Let's take a look at some of the core code.

int register_subreaper () {
	if (subreaper > 0) {
		if (prctl(PR_SET_CHILD_SUBREAPER, 1)) {
			if (errno == EINVAL) {
				PRINT_FATAL("PR_SET_CHILD_SUBREAPER is unavailable on this platform. Are you using Linux >= 3.4?")
			} else {
				PRINT_FATAL("Failed to register as child subreaper: %s", strerror(errno))
			}
			return 1;
		} else {
			PRINT_TRACE("Registered as child subreaper");
		}
	}
	return 0;
}

int wait_and_forward_signal(sigset_t const* const parent_sigset_ptr, pid_t const child_pid) {
	siginfo_t sig;

	if (sigtimedwait(parent_sigset_ptr, &sig, &ts) == -1) {
		switch (errno) {
			case EAGAIN:
				break;
			case EINTR:
				break;
			default:
				PRINT_FATAL("Unexpected error in sigtimedwait: '%s'", strerror(errno));
				return 1;
		}
	} else {
		/* There is a signal to handle here */
		switch (sig.si_signo) {
			case SIGCHLD:
				/* Special-cased, as we don't forward SIGCHLD. Instead, we'll
				 * fallthrough to reaping processes.
				 */
				PRINT_DEBUG("Received SIGCHLD");
				break;
			default:
				PRINT_DEBUG("Passing signal: '%s'", strsignal(sig.si_signo));
				/* Forward anything else */
				if (kill(kill_process_group ? -child_pid : child_pid, sig.si_signo)) {
					if (errno == ESRCH) {
						PRINT_WARNING("Child was dead when forwarding signal");
					} else {
						PRINT_FATAL("Unexpected error when forwarding signal: '%s'", strerror(errno));
						return 1;
					}
				}
				break;
		}
	}

	return 0;
}

Here we can clearly see two core points:

Tini will use prctl and PR_SET_CHILD_SUBREAPER to take over orphan processes within the container.
Tini will forward signals to child processes or the associated process group upon receiving signals.

Of course, Tini itself also has some minor issues (though they are relatively obscure). Here’s a discussion topic: suppose we have a service that creates 10 daemon processes and then exits itself. In these ten daemon processes, we will set a completely new process group ID (known as process group escape).

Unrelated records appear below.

(* Let $\mathbb{X}$ be a finite-dimensional real Banach space. Then $\operatorname{Ext}B_{\mathbb{X}}$ is a $\mathcal{K}$-set: every linear operator $T:\mathbb{X}\to\mathbb{X}$ that preserves Birkhoff–James orthogonality at each extreme point of $B_{\mathbb{X}}$ satisfies $\|Tx\|=\lambda\|x\|$ for all $x\in\mathbb{X}$, for some constant $\lambda\ge0$.
   Context: $u\perp_B v$ means $\|u+\lambda v\|\ge\|u\|$ for all real $\lambda$; $T$ preserves Birkhoff–James orthogonality at $x$ if $x\perp_B w\Rightarrow Tx\perp_B Tw$ for all $w$. $\operatorname{Ext}B_{\mathbb{X}}$ is the set of extreme points of the closed unit ball. A set $A\subseteq S_{\mathbb{X}}$ is a $\mathcal{K}$-set if every bounded linear $T:\mathbb{X}\to\mathbb{X}$ preserving Birkhoff–James orthogonality at each point of $A$ is a scalar multiple of an isometry. *)

theory Defs
  imports "HOL-Analysis.Analysis"
begin

definition bj_orth :: "'a::real_normed_vector \<Rightarrow> 'a \<Rightarrow> bool" where
  "bj_orth u v \<longleftrightarrow> (\<forall>c::real. norm (u + c *\<^sub>R v) \<ge> norm u)"

definition preserves_bj_at :: "('a::real_normed_vector \<Rightarrow> 'a) \<Rightarrow> 'a \<Rightarrow> bool" where
  "preserves_bj_at T x \<longleftrightarrow> (\<forall>w. bj_orth x w \<longrightarrow> bj_orth (T x) (T w))"

end

theory Submission
  imports Defs
begin

text \<open>Write \<open>N x = \<parallel>T x\<parallel>\<close>. If \<open>g\<close> is a norming functional of \<open>x\<close> (\<open>g \<le> \<parallel>-\<parallel>\<close>, \<open>g x = \<parallel>x\<parallel>\<close>),
  then \<open>N x * g y \<le> \<parallel>x\<parallel> * N y\<close> for all \<open>y\<close>: maximising \<open>N\<close> on the face
  \<open>{z. \<parallel>z\<parallel> \<le> 1 \<and> g z = 1}\<close> of the unit ball, and then a strictly convex function on the maximisers,
  gives an extreme point \<open>e\<close> of the ball with \<open>N x \<le> \<parallel>x\<parallel> * N e\<close>; since \<open>e\<close> is
  BJ-orthogonal to \<open>y - g y *\<^sub>R e\<close> and \<open>T\<close> preserves this, \<open>\<bar>g y\<bar> * N e \<le> N y\<close>.
  Along a fine partition of a segment avoiding \<open>0\<close> these inequalities telescope, so the ratio
  \<open>N x / \<parallel>x\<parallel>\<close> cannot decrease along the segment and is therefore constant.
  Finite dimension supplies the compactness and, via Hahn--Banach, the norming functionals.\<close>

definition norming_functional :: "('a::real_normed_vector \<Rightarrow> real) \<Rightarrow> 'a \<Rightarrow> bool" where
  "norming_functional g x \<longleftrightarrow> linear g \<and> (\<forall>y. g y \<le> norm y) \<and> g x = norm x"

How do we forward signals to these ten processes? (This is just for discussion; anyone doing this in production would have been severely reprimanded.)

Conclusion#

By now, some may criticize me for not discussing the init process in containers as promised, but instead spending most of the article talking about Linux processes.

In fact, traditional containers can essentially be regarded as a complete process executing within the OS. Discussing the init process in containers cannot be separated from discussing relevant knowledge points in Linux process management.

I hope this technical article helps everyone gain a general understanding of the init process in containers and enables them to use and manage it correctly.

Finally, I wish everyone a Happy New Year! (I hope I won't have to rely on writing technical articles for a living in the new year, sob sob sob.)